В процветающий совхоз приезжал внезапно корреспондент столичного сатирического журнала «Крокодил». Да не просто приезжал на автобусе, а на «Волге» ближайшего райкома партии, ибо именно оттуда всякий раз начинал, соблюдая субординацию, предъявив мандат-командировку и уже вызнав кое-что там вверху, ибо приехал по сигналу, что не все в районе благополучно. И дня три-четыре исправнейшим образом занимался совхозными делами. Радостно и готовно ему нашептывали доброхоты и добровольцы (обычно тишком, оглядываясь), на что обратить внимание. А так как безбожно воровали всюду, а у Эдика даже образование кой-какое специальное было (три курса сельскохозяйственного института, выгнали за подделку экзаменационных книжек сразу пятерым приятелям), то материал накапливался очень быстро. На хороший и большой фельетон. И не пряча того, что вызнал, даже сожалея и сочувствуя, рассказывал обо всем журналист руководителям этого совхоза. И непременно был приглашаем на прощальный ужин. Проходивший по- разному, но с одинаковым концом: с глазу на глаз вручался приезжему конверт с деньгами. («И заметь, всегда одна и та же сумма – пять тысяч. Ни больше, ни меньше. Один раз дали три, а в машину стали ящики со жратвой совать. Я таким тоном отказался, что директор меня зазвал в свой кабинет и дал еще конверт. Там было точно еще две».) И довольны очень были все, между прочим, потому что фельетон ведь так и не появлялся! И если бы не женолюбие Эдика, не стремление его покорять трепещущие сердца и млеющую плоть, вообще бы он, возможно, не сидел.
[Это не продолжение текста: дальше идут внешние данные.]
(* Let $K\subset\mathbb{R}^n$ be a closed convex set and $\sigma>0$. For any fixed constants $C_1,C_2>0$ define $\varepsilon^\dagger=\sup\{\varepsilon>0:\varepsilon^2/\sigma^2\le C_1\log M^{\mathrm{loc}}(C_2\varepsilon)\}$. Then $\varepsilon^*\asymp\varepsilon^\dagger$, where $\varepsilon^*=\sup\{\varepsilon:\varepsilon^2/\sigma^2\le\log M^{\mathrm{loc}}(\varepsilon)\}$.
   Context: $M(\eta,T)$ is the maximal cardinality of a subset of $T$ with pairwise Euclidean distances $>\eta$; $M^{\mathrm{loc}}(\varepsilon)=\sup_{\theta\in K}M(\varepsilon/c^*,B(\theta,\varepsilon)\cap K)$, where $B$ is the closed Euclidean ball and $c^*$ a fixed sufficiently large absolute constant. $\asymp$ hides constants depending only on $C_1,C_2$. *)

theory Defs
  imports Complex_Main
begin

text \<open>Euclidean space R^n, represented dimension-explicitly (so that constants
  can be required to be independent of n): vectors are functions nat => real
  vanishing outside the first n coordinates.\<close>

definition Rn :: "nat \<Rightarrow> (nat \<Rightarrow> real) set" where
  "Rn n = {x. \<forall>i\<ge>n. x i = 0}"

definition edist :: "nat \<Rightarrow> (nat \<Rightarrow> real) \<Rightarrow> (nat \<Rightarrow> real) \<Rightarrow> real" where
  "edist n x y = sqrt (\<Sum>i<n. (x i - y i)^2)"
lemma signed_measure_split_unbounded:
  assumes E: "E \<in> sets M" and unbounded: "\<forall>K. \<exists>B\<in>sets M. B \<subseteq> E \<and> K < \<bar>f B\<bar>"
  shows "\<exists>E'\<in>sets M. E' \<subseteq> E \<and> (\<forall>K. \<exists>B\<in>sets M. B \<subseteq> E' \<and> K < \<bar>f B\<bar>) \<and> 1 < \<bar>f (E - E')\<bar>"
proof -
  obtain B where B: "B \<in> sets M" "B \<subseteq> E" "\<bar>f E\<bar> + 1 < \<bar>f B\<bar>"
    using unbounded by blast
  have EB: "E - B \<in> sets M"
    using B E by auto
  have "f E = f B + f (E - B)"
    using signed_measure_Diff[OF E B(1,2)] .
  then have big: "1 < \<bar>f B\<bar>" "1 < \<bar>f (E - B)\<bar>"
    using B(3) by linarith+
  have "(\<forall>K. \<exists>C\<in>sets M. C \<subseteq> B \<and> K < \<bar>f C\<bar>) \<or> (\<forall>K. \<exists>C\<in>sets M. C \<subseteq> E - B \<and> K < \<bar>f C\<bar>)"
  proof (rule ccontr)
    assume "\<not> ?thesis"
    then obtain K1 K2 where K1: "\<And>C. C \<in> sets M \<Longrightarrow> C \<subseteq> B \<Longrightarrow> \<bar>f C\<bar> \<le> K1"
      and K2: "\<And>C. C \<in> sets M \<Longrightarrow> C \<subseteq> E - B \<Longrightarrow> \<bar>f C\<bar> \<le> K2"
      by (meson not_less)
    obtain C where C: "C \<in> sets M" "C \<subseteq> E" "K1 + K2 < \<bar>f C\<bar>"
      using unbounded by blast
    have "C \<inter> B \<in> sets M" "C \<inter> (E - B) \<in> sets M"
      using B(1) C(1) EB by auto
    moreover have "C - C \<inter> B = C \<inter> (E - B)"
      using C(2) by blast
    ultimately have "f C = f (C \<inter> B) + f (C \<inter> (E - B))"
      using signed_measure_Diff[OF C(1), of "C \<inter> B"] by simp
    moreover have "\<bar>f (C \<inter> B)\<bar> \<le> K1" "\<bar>f (C \<inter> (E - B))\<bar> \<le> K2"
      using \<open>C \<inter> B \<in> sets M\<close> \<open>C \<inter> (E - B) \<in> sets M\<close> by (auto intro!: K1 K2)
    ultimately show False
      using C(3) by linarith
  qed
  then show ?thesis
  proof
    assume "\<forall>K. \<exists>C\<in>sets M. C \<subseteq> B \<and> K < \<bar>f C\<bar>"
    then show ?thesis
      using B(1,2) big(2) by blast
  next
    assume "\<forall>K. \<exists>C\<in>sets M. C \<subseteq> E - B \<and> K < \<bar>f C\<bar>"
    moreover have "E - (E - B) = B"
      using B(2) by blast
    ultimately show ?thesis
      using EB big(1) by (intro bexI[of _ "E - B"]) auto
  qed
qed

text \<open>Otherwise repeated splitting yields a decreasing chain of sets on which \<open>f\<close> is unbounded,
  whose successive differences are disjoint with mass above \<open>1\<close>, so the series of their
  masses cannot converge.\<close>
lemma signed_measure_bounded: "\<exists>K. \<forall>A\<in>sets M. \<bar>f A\<bar> \<le> K"
proof (rule ccontr)
  define unbounded where "unbounded E \<longleftrightarrow> (\<forall>K. \<exists>B\<in>sets M. B \<subseteq> E \<and> K < \<bar>f B\<bar>)" for E
  assume "\<not> ?thesis"
  then have "unbounded (space M)"
    unfolding unbounded_def by (meson not_le sets.sets_into_space)
  have "\<exists>E. \<forall>n. (E n \<in> sets M \<and> unbounded (E n)) \<and>
      (E (Suc n) \<subseteq> E n \<and> 1 < \<bar>f (E n - E (Suc n))\<bar>)"
  proof (rule dependent_nat_choice[where P = "\<lambda>_ E. E \<in> sets M \<and> unbounded E"
        and Q = "\<lambda>_ E E'. E' \<subseteq> E \<and> 1 < \<bar>f (E - E')\<bar>"])
    show "\<exists>E. E \<in> sets M \<and> unbounded E"
      using \<open>unbounded (space M)\<close> sets.top by blast
  next
    fix E and n :: nat
    assume "E \<in> sets M \<and> unbounded E"
    then obtain E' where "E' \<in> sets M" "E' \<subseteq> E" "unbounded E'" "1 < \<bar>f (E - E')\<bar>"
      using signed_measure_split_unbounded[of E] unfolding unbounded_def by auto
    then show "\<exists>E'. (E' \<in> sets M \<and> unbounded E') \<and> E' \<subseteq> E \<and> 1 < \<bar>f (E - E')\<bar>"
      by blast
  qed
  then obtain E where E: "\<And>n. E n \<in> sets M"
    and shrink: "\<And>n. E (Suc n) \<subseteq> E n" and jump: "\<And>n. 1 < \<bar>f (E n - E (Suc n))\<bar>"
    by blast
  define F where "F n = E n - E (Suc n)" for n
  have "(\<lambda>n. - E (Suc n) - - E n) = F"
    by (auto simp: F_def)
  then have "disjoint_family F"
    using disjoint_family_Suc[of "\<lambda>n. - E n"] shrink by auto
  moreover have "range F \<subseteq> sets M"
    using E by (auto simp: F_def)
  ultimately have "(\<lambda>n. f (F n)) \<longlonglongrightarrow> 0"
    by (intro summable_LIMSEQ_zero sums_summable[OF signed_measure_sums])
  then obtain n where "\<bar>f (F n)\<bar> < 1"
    using LIMSEQ_D[of "\<lambda>n. f (F n)" 0 1] by auto
  then show False
    using jump[of n] by (simp add: F_def)
qed

lemma bdd_above_signed_measure: "bdd_above (f ` {B \<in> sets M. B \<subseteq> A})"
  using signed_measure_bounded by (force simp: bdd_above_def abs_le_iff)
lemma inv321_on_insert_cycle:
  assumes p: "inv321_on S p" and mn: "m < n" and below: "\<forall>x\<in>S. x < n" and mS: "m \<notin> S"
    and tops: "\<And>x. x \<in> S \<Longrightarrow> m < x \<Longrightarrow> p x < x"
  shows "inv321_on (insert m (insert n S)) (p(m := n, n := m))" (is "inv321_on ?S ?q")
    and "cycle_tops (insert m (insert n S)) (p(m := n, n := m)) = insert n (cycle_tops S p)"
proof -
  have nS: "n \<notin> S" using below by auto
  have q_S: "?q x = p x" if "x \<in> S" for x using that mS nS by auto
  have pS: "p x \<in> S" if "x \<in> S" for x using inv321_on_closed[OF p that] .
  have q_le: "?q x \<le> n" if "x \<in> ?S" for x using that mn q_S pS below by fastforce
  show "inv321_on ?S ?q"
  proof (rule inv321_onI)
    show "?q (?q x) = x" for x
      by (rule involution_swap_fixed_points)
        (use inv321_on_involution[OF p] inv321_on_outside[OF p] mS nS in auto)
    show "?q x = x" if "x \<notin> ?S" for x using that inv321_on_outside[OF p] by auto
  next
    fix i j k assume ijk: "i \<in> ?S" "j \<in> ?S" "k \<in> ?S" "i < j" "j < k" "?q j < ?q i" "?q k < ?q j"
    have "j \<noteq> m" using ijk(6) q_le[OF ijk(1)] mn by auto
    have "j \<noteq> n" using ijk(3,5) below mn by auto
    have "k \<noteq> m" using ijk(7) q_le[OF ijk(2)] mn by auto
    have jS: "j \<in> S" using ijk(2) \<open>j \<noteq> m\<close> \<open>j \<noteq> n\<close> by auto
    consider "k = n" | "k \<in> S" using ijk(3) \<open>k \<noteq> m\<close> by auto
    then show False
    proof cases
      case 1
      then have "m < p j" using ijk(7) q_S[OF jS] by simp
      have "j < m"
      proof (rule ccontr)
        assume "\<not> j < m"
        then have "p j < j" using tops[OF jS] \<open>j \<noteq> m\<close> by simp
        moreover have "p (p j) < p j" using tops[OF pS[OF jS] \<open>m < p j\<close>] .
        ultimately show False using inv321_on_involution[OF p] by simp
      qed
      then have iS: "i \<in> S" using ijk(1,4) mn by auto
      show False
        using inv321_on_no_321[OF p iS jS pS[OF jS] ijk(4)] \<open>j < m\<close> \<open>m < p j\<close> ijk(6)
          q_S[OF iS] q_S[OF jS] inv321_on_involution[OF p, of j] by simp
    next
      case 2
      consider "i = m" | "i \<in> S" using ijk(1,4,5) below 2 by fastforce
      then show False
      proof cases
        case 1
        then have "p j < j" "p k < k" using tops jS 2 ijk(4,5) by auto
        moreover have "p k < p j" using ijk(7) q_S jS 2 by simp
        ultimately show False
          using inv321_on_no_321[OF p pS[OF 2] pS[OF jS] jS] inv321_on_involution[OF p, of j]
            inv321_on_involution[OF p, of k] ijk(5) by simp
      next
        case 2
        then show False
          using inv321_on_no_321[OF p 2 jS \<open>k \<in> S\<close> ijk(4,5)] ijk(6,7) q_S 2 jS \<open>k \<in> S\<close> by simp
      qed
    qed
  qed
  show "cycle_tops ?S ?q = insert n (cycle_tops S p)"
    using mn mS nS q_S by (auto simp: cycle_tops_def)
qed

lemma cycle_tops_surj:
  "finite S \<Longrightarrow> ballot S C \<Longrightarrow> \<exists>p. inv321_on S p \<and> cycle_tops S p = C"
proof (induction "card S" arbitrary: S C rule: less_induct)
  case less
  note S = less.prems(1) and b = less.prems(2)
  show ?case
  proof (cases "S = {}")
    case True
    then have "C = {}" "inv321_on S id" using ballot_subset[OF b] by (auto simp: inv321_on_def)
    then show ?thesis by (auto simp: cycle_tops_def)
  next
    case False
    define n S1 where "n = Max S" and "S1 = S - {n}"
    have nS: "n \<in> S" using False S by (simp add: n_def)
    then have S_eq: "S = insert n S1" by (auto simp: S1_def)
    have below: "\<forall>x\<in>S1. x < n" and fin: "finite S1"
      using Max_ge[OF S] S by (auto simp: n_def S1_def order.strict_iff_order)
    have card_S1: "card S1 < card S" using S nS unfolding S1_def by (rule card_Diff1_less)
    show ?thesis
    proof (cases "n \<in> C")
      case False
      then have "ballot S1 C" using b ballot_insert_greater[OF below] S_eq by simp
      then obtain p where p: "inv321_on S1 p" "cycle_tops S1 p = C"
        using less.hyps[OF card_S1 fin] by blast
      then show ?thesis using inv321_on_insert_fixed[OF p(1) below] S_eq by auto
    next
      case True
      define C1 where "C1 = C - {n}"
      have C_eq: "C = insert n C1" and nC1: "n \<notin> C1" using True by (auto simp: C1_def)
      have b1: "ballot S1 C1" and "2 * card C1 < card S1"
        using b ballot_insert_greater_insert[OF fin below nC1] S_eq C_eq by simp_all
      then have fewer: "card C1 < card (S1 - C1)"
        using fin ballot_subset[OF b1] by (simp add: card_Diff_subset finite_subset)
      define m where "m = Max (S1 - C1)"
      have m: "m \<in> S1 - C1" and "ballot (S1 - {m}) C1"
        using ballot_Diff_Max[OF fin b1 fewer] unfolding m_def by simp_all
      moreover have "card (S1 - {m}) < card S" using card_S1 m fin by (simp add: card_Diff1_less)
      ultimately obtain p where p: "inv321_on (S1 - {m}) p" "cycle_tops (S1 - {m}) p = C1"
        using less.hyps[of "S1 - {m}"] fin by blast
      have tops: "p x < x" if "x \<in> S1 - {m}" "m < x" for x
        using that Max_ge[of "S1 - C1" x] fin p(2) unfolding m_def by (fastforce simp: cycle_tops_def)
      have "m < n" "\<forall>x\<in>S1 - {m}. x < n" "m \<notin> S1 - {m}" using m below by auto
      note cycle = inv321_on_insert_cycle[OF p(1) this tops]
      have "insert m (insert n (S1 - {m})) = S" using S_eq m by auto
      then show ?thesis using cycle p(2) C_eq by auto
    qed
  qed
qed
Очень здорово мы с ним поговорили. О жене его – она преподавала в школе и преданно его ожидала. И прощала все приключения, очень только боясь, что он вправду кого-нибудь полюбит. А изменами это все не считала – просто работа. Даже после фельетона ухитрился Эдик ей внушить, что в газете все правда, кроме того, что был медовый месяц. И о детях поговорили, и обменяться успели адресами. И расстались часа через четыре, ибо камеры нам вышли различные.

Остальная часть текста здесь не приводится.